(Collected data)
= Beginning of Section =

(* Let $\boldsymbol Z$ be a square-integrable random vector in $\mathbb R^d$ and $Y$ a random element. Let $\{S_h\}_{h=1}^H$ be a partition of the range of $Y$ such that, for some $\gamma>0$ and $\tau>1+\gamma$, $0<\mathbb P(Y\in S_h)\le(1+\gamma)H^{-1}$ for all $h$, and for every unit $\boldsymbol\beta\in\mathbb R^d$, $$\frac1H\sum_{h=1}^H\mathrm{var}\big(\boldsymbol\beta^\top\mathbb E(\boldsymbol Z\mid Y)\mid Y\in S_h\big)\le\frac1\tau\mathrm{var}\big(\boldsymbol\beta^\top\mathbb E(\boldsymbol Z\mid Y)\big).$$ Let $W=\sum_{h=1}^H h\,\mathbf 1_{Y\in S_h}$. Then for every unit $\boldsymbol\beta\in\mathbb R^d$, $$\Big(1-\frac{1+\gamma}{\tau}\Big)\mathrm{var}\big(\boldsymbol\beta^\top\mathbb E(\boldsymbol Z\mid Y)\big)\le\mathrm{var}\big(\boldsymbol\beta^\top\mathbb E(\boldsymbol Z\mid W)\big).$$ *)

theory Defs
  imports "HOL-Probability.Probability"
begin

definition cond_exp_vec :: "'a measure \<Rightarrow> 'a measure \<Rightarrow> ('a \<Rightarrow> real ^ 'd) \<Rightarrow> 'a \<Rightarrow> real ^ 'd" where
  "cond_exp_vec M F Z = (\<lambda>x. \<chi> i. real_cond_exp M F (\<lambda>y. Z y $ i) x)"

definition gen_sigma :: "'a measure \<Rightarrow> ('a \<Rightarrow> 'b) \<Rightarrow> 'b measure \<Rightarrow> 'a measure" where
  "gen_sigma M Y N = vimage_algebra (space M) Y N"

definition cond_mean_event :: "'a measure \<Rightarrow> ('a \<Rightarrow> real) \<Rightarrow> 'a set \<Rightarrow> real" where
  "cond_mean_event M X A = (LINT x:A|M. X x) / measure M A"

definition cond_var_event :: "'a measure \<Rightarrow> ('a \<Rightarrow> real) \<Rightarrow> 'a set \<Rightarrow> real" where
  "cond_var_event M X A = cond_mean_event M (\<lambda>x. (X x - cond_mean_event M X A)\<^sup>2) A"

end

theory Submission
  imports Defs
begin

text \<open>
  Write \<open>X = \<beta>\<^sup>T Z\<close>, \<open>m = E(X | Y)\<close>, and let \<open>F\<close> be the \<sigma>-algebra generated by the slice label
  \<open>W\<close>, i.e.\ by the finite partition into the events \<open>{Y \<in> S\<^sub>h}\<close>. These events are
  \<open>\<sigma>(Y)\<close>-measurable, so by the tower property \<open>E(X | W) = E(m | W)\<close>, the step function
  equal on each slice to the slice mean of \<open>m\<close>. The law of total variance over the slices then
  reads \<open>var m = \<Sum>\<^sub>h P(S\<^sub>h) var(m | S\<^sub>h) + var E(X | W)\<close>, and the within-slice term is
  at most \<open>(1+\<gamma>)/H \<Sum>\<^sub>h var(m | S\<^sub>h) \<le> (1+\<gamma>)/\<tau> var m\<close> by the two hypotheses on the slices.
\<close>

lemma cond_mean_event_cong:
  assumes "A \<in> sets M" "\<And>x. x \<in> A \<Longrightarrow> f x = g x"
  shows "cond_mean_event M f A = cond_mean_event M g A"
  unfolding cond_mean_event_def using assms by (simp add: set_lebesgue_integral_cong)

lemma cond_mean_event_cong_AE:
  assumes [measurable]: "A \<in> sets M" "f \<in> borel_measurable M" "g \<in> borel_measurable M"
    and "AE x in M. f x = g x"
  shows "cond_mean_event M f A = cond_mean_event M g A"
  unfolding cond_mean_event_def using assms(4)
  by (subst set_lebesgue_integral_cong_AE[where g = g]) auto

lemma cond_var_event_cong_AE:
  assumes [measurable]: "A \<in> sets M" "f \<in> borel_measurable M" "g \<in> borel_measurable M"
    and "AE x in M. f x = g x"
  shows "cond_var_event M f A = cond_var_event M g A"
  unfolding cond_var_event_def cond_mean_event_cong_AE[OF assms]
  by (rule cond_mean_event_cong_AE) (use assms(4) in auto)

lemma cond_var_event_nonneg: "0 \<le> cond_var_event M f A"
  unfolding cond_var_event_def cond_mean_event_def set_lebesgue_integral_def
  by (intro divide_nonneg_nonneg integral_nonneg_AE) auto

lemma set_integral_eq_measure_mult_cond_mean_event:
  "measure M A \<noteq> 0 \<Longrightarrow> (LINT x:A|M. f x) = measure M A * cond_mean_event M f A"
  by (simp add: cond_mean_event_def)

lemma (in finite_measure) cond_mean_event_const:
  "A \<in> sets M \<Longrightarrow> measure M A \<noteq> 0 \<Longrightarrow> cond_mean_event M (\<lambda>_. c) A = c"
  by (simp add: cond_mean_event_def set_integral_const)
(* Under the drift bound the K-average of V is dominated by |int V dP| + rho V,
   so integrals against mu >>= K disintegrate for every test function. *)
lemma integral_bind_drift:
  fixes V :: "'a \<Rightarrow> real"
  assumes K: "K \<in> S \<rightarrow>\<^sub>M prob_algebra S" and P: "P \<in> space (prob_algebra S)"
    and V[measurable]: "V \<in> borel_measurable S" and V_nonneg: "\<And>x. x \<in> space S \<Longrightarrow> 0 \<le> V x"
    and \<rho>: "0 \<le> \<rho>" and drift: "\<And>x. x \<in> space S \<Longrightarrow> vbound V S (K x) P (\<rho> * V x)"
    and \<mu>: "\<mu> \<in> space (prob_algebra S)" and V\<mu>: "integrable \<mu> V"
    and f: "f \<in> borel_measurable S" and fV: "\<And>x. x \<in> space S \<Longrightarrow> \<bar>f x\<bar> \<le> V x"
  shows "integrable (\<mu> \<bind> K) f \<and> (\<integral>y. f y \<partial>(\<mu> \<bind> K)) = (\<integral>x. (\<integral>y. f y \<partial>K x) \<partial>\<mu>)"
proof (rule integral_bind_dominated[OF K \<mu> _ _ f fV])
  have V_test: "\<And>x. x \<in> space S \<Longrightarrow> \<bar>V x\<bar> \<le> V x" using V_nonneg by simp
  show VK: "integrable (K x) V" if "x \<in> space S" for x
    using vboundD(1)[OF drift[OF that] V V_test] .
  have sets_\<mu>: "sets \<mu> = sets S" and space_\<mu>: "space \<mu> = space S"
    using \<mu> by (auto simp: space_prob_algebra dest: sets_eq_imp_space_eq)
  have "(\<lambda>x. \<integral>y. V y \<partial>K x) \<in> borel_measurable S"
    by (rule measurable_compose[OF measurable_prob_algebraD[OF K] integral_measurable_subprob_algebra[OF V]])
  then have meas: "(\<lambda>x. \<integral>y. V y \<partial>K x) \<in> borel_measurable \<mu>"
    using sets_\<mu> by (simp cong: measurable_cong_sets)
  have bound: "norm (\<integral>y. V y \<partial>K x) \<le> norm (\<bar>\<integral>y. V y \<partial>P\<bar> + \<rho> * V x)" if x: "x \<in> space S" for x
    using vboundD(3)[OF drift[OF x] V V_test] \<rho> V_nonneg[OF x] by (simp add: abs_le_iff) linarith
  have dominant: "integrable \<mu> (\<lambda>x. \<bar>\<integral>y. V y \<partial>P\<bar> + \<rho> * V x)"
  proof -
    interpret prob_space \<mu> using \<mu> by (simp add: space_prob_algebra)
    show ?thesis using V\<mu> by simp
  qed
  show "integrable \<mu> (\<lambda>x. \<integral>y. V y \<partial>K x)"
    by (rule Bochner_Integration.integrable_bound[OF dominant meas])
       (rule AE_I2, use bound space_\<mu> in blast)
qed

= End of Section =

What is expected
Among the lines above, list those that contain the word "noteq".

Response below
  "measure M A \<noteq> 0 \<Longrightarrow> (LINT x:A|M. f x) = measure M A * cond_mean_event M f A"
  "A \<in> sets M \<Longrightarrow> measure M A \<noteq> 0 \<Longrightarrow> cond_mean_event M (\<lambda>_. c) A = c"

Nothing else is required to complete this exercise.